Note: You should have at least 8 GB of RAM available to run the 7B models, 16 GB to run the 13B models, and 32 GB to run the 33B models.

Customize a model

Import from GGUF

GGUF (GPT-Generated Unified Format), introduced as a successor to GGML (GPT-Generated Model Language), is a file format used for storing models for inference, especially in the context of language models like GPT (Generative Pre-trained Transformer).

Ollama supports importing GGUF models in the Modelfile:

  1. Create a file named Modelfile, with a FROM instruction with the local filepath to the model you want to import.

    1
    FROM ./vicuna-33b.Q4_0.gguf
  2. Create the model in Ollama

    1
    ollama create example -f Modelfile    
  3. Run the model

    1
    ollama run example

Import from PyTorch or Safetensors

See the guide on importing models for more information.

Customize a prompt

Models from the Ollama library can be customized with a prompt. For example, to customize the llama2 model:

1
ollama pull llama2

Create a Modelfile:

1
2
3
4
5
6
7
8
9
FROM llama2

# set the temperature to 1 [higher is more creative, lower is more coherent]
PARAMETER temperature 1

# set the system message
SYSTEM """
You are Mario from Super Mario Bros. Answer as Mario, the assistant, only.
"""

Next, create and run the model:

1
2
3
4
ollama create mario -f ./Modelfile
ollama run mario
>>> hi
Hello! It's your friend Mario.

For more examples, see the examples directory. For more information on working with a Modelfile, see the Modelfile documentation.

Open-webui

  • Github: open-webui
  • Open WebUI Community

Ollama works at terminal, we can install a frontend for it. We choose open-webui since its fast and has no bug.

Open WebUI Demo

Installation

  1. Install Ollama, by default it listens to port 11434.

  2. Run

    1
    docker run -d --network=host -v open-webui:/app/backend/data -e OLLAMA_API_BASE_URL=http://127.0.0.1:11434/api --name open-webui --restart always ghcr.io/open-webui/open-webui:main

    Source: Open WebUI: Server Connection Error

  3. Then visit http://localhost:8080

BionicGPT

BionicGPT

BionicGPT github repo

Install BionicGPT via docker compose

The easiest way to get running with BionicGPT is with our docker-compose.yml file.

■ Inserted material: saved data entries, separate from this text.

definition invertible :: "('o, 'm, 'z) mcat_scheme \<Rightarrow> 'm \<Rightarrow> bool" where
  "invertible V f \<longleftrightarrow> (\<exists>g. mdom V g = mcod V f \<and> mcod V g = mdom V f \<and>
      mcmp V f g = midm V (mdom V f) \<and> mcmp V g f = midm V (mcod V f))"

definition tensor_functors :: "('o, 'm, 'z) mcat_scheme \<Rightarrow> bool" where
  "tensor_functors V \<longleftrightarrow>
     (\<forall>fs. mdom V (tnsm V fs) = tns V (map (mdom V) fs) \<and>
           mcod V (tnsm V fs) = tns V (map (mcod V) fs)) \<and>
     (\<forall>xs. tnsm V (map (midm V) xs) = midm V (tns V xs)) \<and>
     (\<forall>fs gs. length fs = length gs \<and> (\<forall>i<length fs. mcod V (fs ! i) = mdom V (gs ! i)) \<longrightarrow>
        tnsm V (map2 (mcmp V) fs gs) = mcmp V (tnsm V fs) (tnsm V gs)) \<and>
     (\<forall>x. tns V [x] = x) \<and> (\<forall>f. tnsm V [f] = f)"

definition nested_tns :: "('o, 'm, 'z) mcat_scheme \<Rightarrow> nat \<Rightarrow> nat list \<Rightarrow> 'o list \<Rightarrow> 'o" where
  "nested_tns V J \<phi> X = tns V (map (\<lambda>j. tns V (fib \<phi> X j)) [0..<J])"

definition lax_monoidal_cat :: "('o, 'm, 'z) mcat_scheme \<Rightarrow> bool" where
  "lax_monoidal_cat V \<longleftrightarrow> is_category V \<and> tensor_functors V \<and>
     \<comment> \<open>typing of lambda\<close>
     (\<forall>J \<phi> X. osk_hom (length X) J \<phi> \<longrightarrow>
        mdom V (mlam V J \<phi> X) = nested_tns V J \<phi> X \<and> mcod V (mlam V J \<phi> X) = tns V X) \<and>
     \<comment> \<open>naturality of lambda\<close>
     (\<forall>J \<phi> fs. osk_hom (length fs) J \<phi> \<longrightarrow>
        mcmp V (tnsm V (map (\<lambda>j. tnsm V (fib \<phi> fs j)) [0..<J])) (mlam V J \<phi> (map (mcod V) fs))
        = mcmp V (mlam V J \<phi> (map (mdom V) fs)) (tnsm V fs)) \<and>
     \<comment> \<open>lambda^{id} = id\<close>
     (\<forall>X. mlam V (length X) (osk_id (length X)) X = midm V (tns V X)) \<and>
     \<comment> \<open>lambda^{I -> 1} = id\<close>
     (\<forall>X. mlam V 1 (replicate (length X) 0) X = midm V (tns V X)) \<and>
     \<comment> \<open>coherence for phi : I -> J, psi : J -> K\<close>
     (\<forall>J K \<phi> \<psi> X. osk_hom (length X) J \<phi> \<and> osk_hom J K \<psi> \<longrightarrow>
        mcmp V (mlam V K \<psi> (map (\<lambda>j. tns V (fib \<phi> X j)) [0..<J])) (mlam V J \<phi> X)
        = mcmp V (tnsm V (map (\<lambda>k. mlam V (fsize \<psi> k) (osk_restr J \<phi> \<psi> k)
                                           (fib (osk_comp \<phi> \<psi>) X k)) [0..<K]))
                 (mlam V K (osk_comp \<phi> \<psi>) X))"

definition monoidal_cat :: "('o, 'm, 'z) mcat_scheme \<Rightarrow> bool" where
  "monoidal_cat V \<longleftrightarrow> lax_monoidal_cat V \<and>
     (\<forall>J \<phi> X. osk_hom (length X) J \<phi> \<longrightarrow> invertible V (mlam V J \<phi> X))"

text \<open>hob n = C(n); hmor n phi = C(phi^op) : C(n) -> C(m) for phi : m -> n;
  hchi Ns = chi^I_{N_1,...,N_I} with I = length Ns.\<close>
record ('o, 'm) hcoalg =
  hob :: "nat \<Rightarrow> 'o"
  hmor :: "nat \<Rightarrow> nat list \<Rightarrow> 'm"
  hchi :: "nat list \<Rightarrow> 'm"

definition is_hcoalg :: "('o, 'm, 'z) mcat_scheme \<Rightarrow> ('o, 'm) hcoalg \<Rightarrow> bool" where
  "is_hcoalg V C \<longleftrightarrow>
     \<comment> \<open>C is a functor O_sk^op -> V\<close>
     (\<forall>m n \<phi>. osk_hom m n \<phi> \<longrightarrow> mdom V (hmor C n \<phi>) = hob C n \<and> mcod V (hmor C n \<phi>) = hob C m) \<and>
     (\<forall>n. hmor C n (osk_id n) = midm V (hob C n)) \<and>
     (\<forall>l m n \<phi> \<psi>. osk_hom l m \<phi> \<and> osk_hom m n \<psi> \<longrightarrow>
        hmor C n (osk_comp \<phi> \<psi>) = mcmp V (hmor C n \<psi>) (hmor C m \<phi>)) \<and>
     \<comment> \<open>typing of chi\<close>
     (\<forall>Ns. mdom V (hchi C Ns) = tns V (map (hob C) Ns) \<and> mcod V (hchi C Ns) = hob C (sum_list Ns)) \<and>
     \<comment> \<open>chi^1 = id\<close>
     (\<forall>n. hchi C [n] = midm V (hob C n)) \<and>
     \<comment> \<open>naturality of chi in the N_i (f_i : M_i -> N_i, M_i = length (fs ! i))\<close>
     (\<forall>Ns fs. length fs = length Ns \<and> (\<forall>i<length Ns. osk_hom (length (fs ! i)) (Ns ! i) (fs ! i)) \<longrightarrow>
        mcmp V (tnsm V (map (\<lambda>i. hmor C (Ns ! i) (fs ! i)) [0..<length Ns])) (hchi C (map length fs))
        = mcmp V (hchi C Ns) (hmor C (sum_list Ns) (osk_sum Ns fs))) \<and>
     \<comment> \<open>coherence for phi : I -> J\<close>
     (\<forall>J \<phi> Ns. osk_hom (length Ns) J \<phi> \<longrightarrow>
        mcmp V (tnsm V (map (\<lambda>j. hchi C (fib \<phi> Ns j)) [0..<J]))
               (hchi C (map (\<lambda>j. sum_list (fib \<phi> Ns j)) [0..<J]))
        = mcmp V (mlam V J \<phi> (map (hob C) Ns)) (hchi C Ns))"

definition is_hmorph :: "('o, 'm, 'z) mcat_scheme \<Rightarrow> ('o, 'm) hcoalg \<Rightarrow> ('o, 'm) hcoalg
    \<Rightarrow> (nat \<Rightarrow> 'm) \<Rightarrow> bool" where
  "is_hmorph V C G t \<longleftrightarrow>
     (\<forall>k. mdom V (t k) = hob C k \<and> mcod V (t k) = hob G k) \<and>
     (\<forall>m n \<phi>. osk_hom m n \<phi> \<longrightarrow> mcmp V (hmor C n \<phi>) (t m) = mcmp V (t n) (hmor G n \<phi>)) \<and>
     (\<forall>Ns. mcmp V (hchi C Ns) (t (sum_list Ns)) = mcmp V (tnsm V (map t Ns)) (hchi G Ns))"

definition hcoalg_iso :: "('o, 'm, 'z) mcat_scheme \<Rightarrow> ('o, 'm) hcoalg \<Rightarrow> ('o, 'm) hcoalg \<Rightarrow> bool" where
  "hcoalg_iso V C G \<longleftrightarrow> (\<exists>t s. is_hmorph V C G t \<and> is_hmorph V G C s \<and>
      (\<forall>k. mcmp V (t k) (s k) = midm V (hob C k) \<and> mcmp V (s k) (t k) = midm V (hob G k)))"

definition is_coalg :: "('o, 'm, 'z) mcat_scheme \<Rightarrow> 'o \<Rightarrow> (nat \<Rightarrow> 'm) \<Rightarrow> bool" where
  "is_coalg V D \<Delta> \<longleftrightarrow>
     (\<forall>I. mdom V (\<Delta> I) = D \<and> mcod V (\<Delta> I) = tns V (replicate I D)) \<and>
     \<Delta> 1 = midm V D \<and>
     (\<forall>I J \<phi>. osk_hom I J \<phi> \<longrightarrow>
        \<Delta> I = mcmp V (\<Delta> J) (mcmp V (tnsm V (map (\<lambda>j. \<Delta> (fsize \<phi> j)) [0..<J]))
                                        (mlam V J \<phi> (replicate I D))))"

definition assoc_hcoalg :: "('o, 'm, 'z) mcat_scheme \<Rightarrow> 'o \<Rightarrow> (nat \<Rightarrow> 'm) \<Rightarrow> ('o, 'm) hcoalg" where
  "assoc_hcoalg V D \<Delta> =
     \<lparr> hob = (\<lambda>J. tns V (replicate J D)),
       hmor = (\<lambda>J \<phi>. mcmp V (tnsm V (map (\<lambda>j. \<Delta> (fsize \<phi> j)) [0..<J]))
                             (mlam V J \<phi> (replicate (length \<phi>) D))),
       hchi = (\<lambda>Ns. mlam V (length Ns) (osk_collapse Ns) (replicate (sum_list Ns) D)) \<rparr>"

end

theory Submission
  imports Defs "HOL-Library.Multiset"
begin

text \<open>Let \<open>X I = \<chi>^I_{1,...,1} : C(1)^{\<otimes>I} \<rightarrow> C(I)\<close>. In the homotopy coalgebra associated
  with an ordinary coalgebra this map is \<open>\<lambda>^{id} = id\<close>, and an isomorphism \<open>t\<close> of homotopy
  coalgebras gives \<open>X I = (\<otimes> t 1) ; (t I)\<inverse>\<close> (composition is diagrammatic), so every \<open>X I\<close>
  is invertible.

  Conversely, if every \<open>X I\<close> is invertible, the inverses \<open>Y I\<close> transport the structure of \<open>C\<close>
  onto the objects \<open>C(1)^{\<otimes>I}\<close>. Naturality of \<open>\<chi>\<close> for the maps \<open>\<phi>\<inverse>(j) \<rightarrow> 1\<close>, whose ordinal sum
  is \<open>\<phi> : I \<rightarrow> J\<close>, together with coherence of \<open>\<chi>\<close> for \<open>\<phi>\<close> gives
  \<open>C(\<phi>) ; Y I = Y J ; (\<otimes>\<^sub>j \<Delta> |\<phi>\<inverse>(j)|) ; \<lambda>^\<phi>\<close> with \<open>\<Delta> n = C(n \<rightarrow> 1) ; Y n\<close>.
  Composing with \<open>C(J \<rightarrow> 1)\<close> this is the coassociativity of \<open>\<Delta>\<close>; as it stands it says that \<open>Y\<close>
  is an isomorphism from \<open>C\<close> onto the homotopy coalgebra associated with \<open>(C(1), \<Delta>)\<close>.\<close>

lemma fib_replicate: "length \<phi> = I \<Longrightarrow> fib \<phi> (replicate I x) j = replicate (fsize \<phi> j) x"
  unfolding fib_def fsize_def
  by (induction \<phi> arbitrary: I) (auto simp: Suc_length_conv)

lemma fsize_eq_count: "fsize xs j = count (mset xs) j"
  by (induction xs) (simp_all add: fsize_def)

lemma sorted_concat_replicate: "sorted (concat (map (\<lambda>i. replicate (f i) i) [0..<n]))"
  by (induction n) (auto simp: sorted_append)

lemma fsize_concat_replicate:
  "fsize (concat (map (\<lambda>i. replicate (f i) (i::nat)) [0..<n])) j = (if j < n then f j else 0)"
  by (induction n) (auto simp: fsize_def filter_replicate less_Suc_eq)

lemma concat_replicate_fsize:
  assumes "osk_hom I J \<phi>"
  shows "concat (map (\<lambda>j. replicate (fsize \<phi> j) j) [0..<J]) = \<phi>"
proof -
  let ?\<psi> = "concat (map (\<lambda>j. replicate (fsize \<phi> j) j) [0..<J])"
  have "mset ?\<psi> = mset \<phi>"
  proof (rule multiset_eqI)
    fix j
    have "j \<ge> J \<Longrightarrow> j \<notin> set \<phi>" using assms unfolding osk_hom_def by auto
    then show "count (mset ?\<psi>) j = count (mset \<phi>) j"
      by (auto simp flip: fsize_eq_count simp: fsize_concat_replicate) (simp add: fsize_eq_count)
  qed
  moreover have "sorted \<phi>" using assms unfolding osk_hom_def by simp
  ultimately show ?thesis
    using properties_for_sort[of ?\<psi> \<phi>] sorted_concat_replicate by (metis sorted_sort_id)
qed

lemma osk_hom_terminal: "osk_hom I 1 (replicate I 0)"
  unfolding osk_hom_def by (auto simp: sorted_iff_nth_mono)
lemma square_integrable_quadratic_form:
  fixes K :: "real^'n^'n"
  assumes "\<And>l m. square_integrable M (\<lambda>y. y $ l * y $ m)"
  shows "square_integrable M (\<lambda>y. y \<bullet> (K *v y))"
  unfolding quadratic_form_eq
  by (intro square_integrable_sum square_integrable_mult_const assms finite)

lemma has_bochner_integral_linear_form:
  fixes v w :: "real^'n"
  assumes "\<And>j. has_bochner_integral M (\<lambda>y. y $ j) (v $ j)"
  shows "has_bochner_integral M (\<lambda>y. w \<bullet> y) (w \<bullet> v)"
  unfolding inner_vec_def
  by (intro has_bochner_integral_sum) (simp add: inner_real_def has_bochner_integral_mult_right assms)

lemma has_bochner_integral_quadratic_form:
  fixes v :: "real^'n" and B :: "real^'n^'n"
  assumes "\<And>l m. has_bochner_integral M (\<lambda>y. y $ l * y $ m) (v $ l * v $ m + (if l = m then \<sigma>2 else 0))"
  shows "has_bochner_integral M (\<lambda>y. y \<bullet> (B *v y)) (v \<bullet> (B *v v) + \<sigma>2 * trace B)"
proof -
  have "has_bochner_integral M (\<lambda>y. y \<bullet> (B *v y))
      (\<Sum>l\<in>UNIV. \<Sum>m\<in>UNIV. B $ l $ m * (v $ l * v $ m + (if l = m then \<sigma>2 else 0)))"
    unfolding quadratic_form_eq
    by (intro has_bochner_integral_sum has_bochner_integral_mult_right assms)
  also have "(\<Sum>l\<in>UNIV. \<Sum>m\<in>UNIV. B $ l $ m * (v $ l * v $ m + (if l = m then \<sigma>2 else 0)))
      = v \<bullet> (B *v v) + \<sigma>2 * trace B"
  proof -
    have "(\<Sum>m\<in>UNIV. B $ l $ m * (if l = m then \<sigma>2 else 0)) = \<sigma>2 * B $ l $ l" for l
      by (simp add: if_distrib[of "(*) _"] mult.commute cong: if_cong)
    then show ?thesis
      by (simp add: quadratic_form_eq distrib_left sum.distrib trace_def sum_distrib_left)
  qed
  finally show ?thesis .
qed
lemma min_gap_seqs_shift:
  assumes "s \<in> min_gap_seqs m"
  shows "(\<lambda>i. s (i + k)) \<in> min_gap_seqs m"
  unfolding min_gap_seqs_def
proof (intro CollectI conjI allI impI)
  fix i show "s (i + k) \<le> 1" using min_gap_seqs_le_1[OF assms] .
next
  fix i j :: nat assume "1 \<le> j" "j \<le> m"
  then show "s (i + k) = 0 \<or> s (i + j + k) = 0"
    using min_gap_seqsD[OF assms, of j "i + k"] by (simp add: ac_simps)
qed

lemma min_gap_seqs_Suc_shift: "s \<in> min_gap_seqs m \<Longrightarrow> (\<lambda>i. s (Suc i)) \<in> min_gap_seqs m"
  using min_gap_seqs_shift[of s m 1] by simp

lemma tails_in_min_gap_seqs_iff:
  fixes a :: "int \<Rightarrow> nat"
  shows "(\<forall>n. (\<lambda>k. a (n + int k)) \<in> min_gap_seqs m) \<longleftrightarrow>
    (\<forall>i. a i \<le> 1) \<and> (\<forall>i j. 1 \<le> j \<longrightarrow> j \<le> m \<longrightarrow> a i = 0 \<or> a (i + int j) = 0)"
  (is "?tails \<longleftrightarrow> ?local")
proof
  assume ?tails
  then have "(\<lambda>k. a (i + int k)) \<in> min_gap_seqs m" for i by blast
  then show ?local
    using min_gap_seqs_le_1[of _ m 0] min_gap_seqsD[of _ m _ 0] by fastforce
next
  assume local: ?local
  show ?tails
    unfolding min_gap_seqs_def
  proof (intro allI CollectI conjI impI)
    fix n :: int and i j :: nat assume "1 \<le> j" "j \<le> m"
    then show "a (n + int i) = 0 \<or> a (n + int (i + j)) = 0"
      using local by (simp add: add.assoc [symmetric])
  qed (use local in blast)
qed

You'll need Docker installed on your machine.

1
2
3
4
mkdir BionicGPT
cd BionicGPT
curl -O https://raw.githubusercontent.com/bionic-gpt/bionic-gpt/main/docker-compose/docker-compose.yml
docker compose up -d

You must have access to ports 7800 and 7810.

Run the User Interface

You can then access the front end from http://localhost:7800 and you'll be redirected to a registration screen.

The first user to register with BionicGPT will become the system administrator.